lemma walk_coeff_recursion:
  "walk_coeff src tgt bj a b e m = (if unit_exp e \<le> m then a e * ((if tgt e = bj \<and> m = unit_exp e then 1 else 0)
      + (\<Sum>f\<in>{f. src f = tgt e}. b e f * walk_coeff src tgt bj a b f (m - unit_exp e))) else 0)"
proof (cases "unit_exp e \<le> m")
  case True
  let ?W = "walks_by_exps src tgt bj e m"
  have "walk_coeff src tgt bj a b e m
      = (\<Sum>P\<in>{P \<in> ?W. length P = 1}. link_weight a b P) + (\<Sum>P\<in>{P \<in> ?W. length P \<noteq> 1}. link_weight a b P)"
    unfolding walk_coeff_def using finite_walks_by_exps[of src tgt bj e m]
    by (subst sum.union_disjoint[symmetric]) (auto intro: sum.cong)
  also have "\<dots> = a e * ((if tgt e = bj \<and> m = unit_exp e then 1 else 0)
      + (\<Sum>f\<in>{f. src f = tgt e}. b e f * walk_coeff src tgt bj a b f (m - unit_exp e)))"
    unfolding walks_by_exps_single walk_coeff_long[OF True] by (simp add: algebra_simps)
  finally show ?thesis using True by simp
qed (simp add: walk_coeff_def walks_by_exps_empty)

definition walk_series :: "('e::finite \<Rightarrow> 'v) \<Rightarrow> ('e \<Rightarrow> 'v) \<Rightarrow> 'v \<Rightarrow> ('e \<Rightarrow> int) \<Rightarrow> ('e \<Rightarrow> 'e \<Rightarrow> int)
    \<Rightarrow> 'e \<Rightarrow> 'e mps" where
  "walk_series src tgt bj a b e = Abs_mps (walk_coeff src tgt bj a b e)"

lemma coeff_Abs[simp]: "mps.coeff (Abs_mps f) m = f m"
  by (simp add: Abs_mps_inverse)

lemma coeff_monomial_mult: "coeff (Abs_mps (\<lambda>x. if x = d then r else 0) * y) m = (if d \<le> m then r * coeff y (m - d) else 0)"
proof -
  have "coeff (Abs_mps (\<lambda>x. if x = d then r else 0) * y) m = (\<Sum>x\<in>{x. x \<le> m}. if x = d then r * coeff y (m - x) else 0)"
    by (simp add: coeff_mult if_distrib[of "\<lambda>z. z * _"] cong: if_cong)
  also have "\<dots> = (if d \<le> m then r * coeff y (m - d) else 0)"
    using finite_le_fun[of m] by (simp add: sum.delta)
  finally show ?thesis .
qed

— EXERCISE OBJECTIVE —
All lines of the data above that include the word "True" must be shown.

— WRITTEN ANSWER —
  case True
    unfolding walks_by_exps_single walk_coeff_long[OF True] by (simp add: algebra_simps)
  finally show ?thesis using True by simp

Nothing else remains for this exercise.